Stolen Generations health resources ensure survivors not lost in the crowd
The doctor’s office can be a vulnerable experience, and for those of the Stolen Generations, the experience can be particularly uncomfortable. However, the launch of a new set of resources is working towards improving the support general practitioners, dentists and aged care providers give to Stolen Generations survivors interacting with their services.
Launched on December 5 by Minister for Indigenous Australians, Ken Wyatt, the resources are a combined creation from the Healing Foundation, who worked with Stolen Generations survivors and peak bodies to create the resource set, including the Royal Australian College of General Practitioners, the Australian Dental Association, Aged and Community Services Australia and the Aged Care Industry Association.
The resources were inspired by research from the Australian Institute of Health and Welfare in 2016 that identified 17,000 Stolen Generations survivors in Australia, noting that by 2023 all will be aged over 50 and eligible for aged care.
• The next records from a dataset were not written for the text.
(* Let $X$ be a CFG-space over a Boolean ring $B$ and $0\in X$. Then the pointed space $(X,0)$ possesses a base.
   Context: $B$ is a Boolean ring ($a\vee b=a+b+ab$, $a\le b\iff ab=a$, $\bar a=1+a$; $a_1\oplus\cdots\oplus a_n$ denotes a sum of pairwise disjoint elements). A Boolean metric space over $B$: set $X$ with $d:X\times X\to B$, $d(x,y)=0\iff x=y$, symmetric, $d(x,z)\le d(x,y)\vee d(y,z)$. For $x_1,\dots,x_n\in X$ and $a_1,\dots,a_n\in B$ with $a_1\oplus\cdots\oplus a_n=1$, $x$ is a convex combination of the $x_i$ with coefficients $a_i$ if $a_id(x,x_i)=0$ for all $i$. $X$ is convex if all such combinations exist; a CFG-space is a convex space in which every element is a convex combination of elements of some fixed finite subset. In a pointed space $(X,0)$ write $|x|=d(0,x)$. Two elements $x,y$ are orthogonal if $d(x,y)=|x|\vee|y|$. A finite set $R\subseteq X$ is orthogonal if $0\notin R$ and any two distinct elements of $R$ are orthogonal. A referential (reference system) of $(X,0)$ is an orthogonal set $R$ such that every element of $X$ is a convex combination of elements of $R\cup\{0\}$. A base of $(X,0)$ is a referential $\{x_1,\dots,x_n\}$ with $|x_1|\ge|x_2|\ge\cdots\ge|x_n|$. *)

theory Defs
  imports Main
begin

text \<open>A Boolean ring with unit is the same thing as a Boolean algebra, via
  a*b = inf a b, a+b = symmetric difference, 0 = bot, 1 = top;
  then a \<or> b = a+b+ab = sup a b, a \<le> b iff ab = a is the lattice order,
  and 1+a = - a.\<close>

fun bjoin :: "(nat \<Rightarrow> 'b::boolean_algebra) \<Rightarrow> nat \<Rightarrow> 'b" where
  "bjoin a 0 = bot"
| "bjoin a (Suc n) = sup (bjoin a n) (a n)"

text \<open>a_0 \<oplus> ... \<oplus> a_(n-1) = 1 : pairwise disjoint with sum 1
  (for pairwise disjoint elements the ring sum is the join).\<close>
definition disj_partition :: "(nat \<Rightarrow> 'b::boolean_algebra) \<Rightarrow> nat \<Rightarrow> bool" where
  "disj_partition a n \<longleftrightarrow>
     (\<forall>i<n. \<forall>j<n. i \<noteq> j \<longrightarrow> inf (a i) (a j) = bot) \<and> bjoin a n = top"

definition bool_metric_space :: "'a set \<Rightarrow> ('a \<Rightarrow> 'a \<Rightarrow> 'b::boolean_algebra) \<Rightarrow> bool" where
  "bool_metric_space X d \<longleftrightarrow>
     (\<forall>x\<in>X. \<forall>y\<in>X. (d x y = bot \<longleftrightarrow> x = y)) \<and>
     (\<forall>x\<in>X. \<forall>y\<in>X. d x y = d y x) \<and>
     (\<forall>x\<in>X. \<forall>y\<in>X. \<forall>z\<in>X. d x z \<le> sup (d x y) (d y z))"

definition convex_comb ::
  "('a \<Rightarrow> 'a \<Rightarrow> 'b::boolean_algebra) \<Rightarrow> 'a \<Rightarrow> (nat \<Rightarrow> 'a) \<Rightarrow> (nat \<Rightarrow> 'b) \<Rightarrow> nat \<Rightarrow> bool" where
  "convex_comb d x xs a n \<longleftrightarrow> disj_partition a n \<and> (\<forall>i<n. inf (a i) (d x (xs i)) = bot)"

definition bconvex :: "'a set \<Rightarrow> ('a \<Rightarrow> 'a \<Rightarrow> 'b::boolean_algebra) \<Rightarrow> bool" where
  "bconvex X d \<longleftrightarrow>
     (\<forall>n xs a. (\<forall>i<n. xs i \<in> X) \<and> disj_partition a n \<longrightarrow> (\<exists>x\<in>X. convex_comb d x xs a n))"

definition conv_comb_of :: "('a \<Rightarrow> 'a \<Rightarrow> 'b::boolean_algebra) \<Rightarrow> 'a set \<Rightarrow> 'a \<Rightarrow> bool" where
  "conv_comb_of d S x \<longleftrightarrow> (\<exists>n xs a. (\<forall>i<n. xs i \<in> S) \<and> convex_comb d x xs a n)"

definition CFG_space :: "'a set \<Rightarrow> ('a \<Rightarrow> 'a \<Rightarrow> 'b::boolean_algebra) \<Rightarrow> bool" where
  "CFG_space X d \<longleftrightarrow> bool_metric_space X d \<and> bconvex X d \<and>
     (\<exists>F. finite F \<and> F \<subseteq> X \<and> (\<forall>x\<in>X. conv_comb_of d F x))"

text \<open>Pointed space (X, z): |x| = d z x.\<close>
definition orthogonal :: "('a \<Rightarrow> 'a \<Rightarrow> 'b::boolean_algebra) \<Rightarrow> 'a \<Rightarrow> 'a \<Rightarrow> 'a \<Rightarrow> bool" where
  "orthogonal d z x y \<longleftrightarrow> d x y = sup (d z x) (d z y)"

definition orthogonal_set :: "'a set \<Rightarrow> ('a \<Rightarrow> 'a \<Rightarrow> 'b::boolean_algebra) \<Rightarrow> 'a \<Rightarrow> 'a set \<Rightarrow> bool" where
  "orthogonal_set X d z R \<longleftrightarrow> finite R \<and> R \<subseteq> X \<and> z \<notin> R \<and>
     (\<forall>x\<in>R. \<forall>y\<in>R. x \<noteq> y \<longrightarrow> orthogonal d z x y)"

definition referential :: "'a set \<Rightarrow> ('a \<Rightarrow> 'a \<Rightarrow> 'b::boolean_algebra) \<Rightarrow> 'a \<Rightarrow> 'a set \<Rightarrow> bool" where
  "referential X d z R \<longleftrightarrow> orthogonal_set X d z R \<and>
     (\<forall>x\<in>X. conv_comb_of d (insert z R) x)"

definition is_base :: "'a set \<Rightarrow> ('a \<Rightarrow> 'a \<Rightarrow> 'b::boolean_algebra) \<Rightarrow> 'a \<Rightarrow> 'a list \<Rightarrow> bool" where
  "is_base X d z xs \<longleftrightarrow> distinct xs \<and> referential X d z (set xs) \<and>
     (\<forall>i j. i < j \<and> j < length xs \<longrightarrow> d z (xs ! j) \<le> d z (xs ! i))"

end

theory Submission imports Defs begin

(* Write close_to S x when no nonzero b lies below all distances d x s, s in S; for
   finite S this is equivalent to x being a convex combination of S, and in a
   Boolean metric space it is transitive.  So it suffices to build a finite
   orthogonal family with decreasing norms such that every element of a finite
   generating set F is close to it together with z.

   Such an "orthogonal chain" is built by induction over F.  The refinement step
   absorbs one new point y: the "fresh" region where y differs from z and from
   every chain element is cut along the levels |x_0| >= |x_1| >= ... into disjoint
   slices E_k.  Patching x_k to agree with y on E_k (possible by convexity) gives a
   new chain with norms |x_k| v E_k, and both y and the old chain are close to the
   new chain.  Listing the final chain gives the base. *)

lemma eq_by_cases:
  fixes u :: "'b::boolean_algebra"
  assumes "inf p u = inf p v" "inf (-p) u = inf (-p) v"
  shows "u = v"
proof -
  have "u = sup (inf p u) (inf (-p) u)" by (simp add: inf_sup_distrib2[symmetric])
  also have "\<dots> = sup (inf p v) (inf (-p) v)" using assms by simp
  also have "\<dots> = v" by (simp add: inf_sup_distrib2[symmetric])
  finally show ?thesis .
qed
Chair of The Healing Foundation’s Stolen Generations Reference Group, Ian Hamm, said the research highlighted the health standards, access and taking up of health services, dental services and aged care services of Aboriginal people, in particular Stolen Generations survivors.
“One of the real issues for people is having to go back into spaces where they felt uncomfortable or unsafe, particularly aged care services which are often residential. Which was to a lot of people what they had experienced as children, so the issue of re-traumatisation became a real one,” Mr Hamm said.
“In terms of access to medical and dental services, when you go and seek those [services] you are in a vulnerable situation anyway – one of the issues that came up was that people felt as though they had to tell their stories again to justify their nervousness of their reluctance to access services.”
The fact sheets and resources are designed to improve mainstream services and increase empathy and understanding.
“You can get lost in the crowd, it’s as simple as that. Those who don’t specialise in dealing with the Aboriginal community, the Stolen Generations is a subset, they look at us all as Aboriginal when that isn’t the case. We are a group within a group within a group, it’s not so much we are forgotten, we are just not thought of in the first place.”
“That is why this is important, to raise the issue that this is a group that has needs, within a larger group that has needs. This isn’t easy stuff; it is hard and it is difficult but we shouldn’t shy away from [it] … and [it’s] something we can’t walk away from simply because it might be hard.”
Far from the end of this project, plans are underway for the development of resources for hospitals, allied health professionals and disability services.
“There is always more work we want to do … access to housing services, access to associated health services or allied health services,” Mr Hamm said.0
Mr Hamm said being part of the development of the resources within the Healing Foundation’s Stolen Generations Reference Group has been a powerful experience and one that gives him hope for his people.
“The circumstances of my removal, compared to others, I have done okay … I have fortunate circumstances compared to others, I have an obligation to use my circumstances to support others who were by far not so fortunate,” he said.
“And I can’t bear the thought of people having a rubbish life through no fault of their own, other than having to be born a particular race, as in our case Aboriginal.”
The resources are part of the Healing Foundation’s Action Plan for Healing project, funded by the Department of Prime Minister and Cabinet in 2017 following the 20th anniversary of the 1997 Bringing them Home report.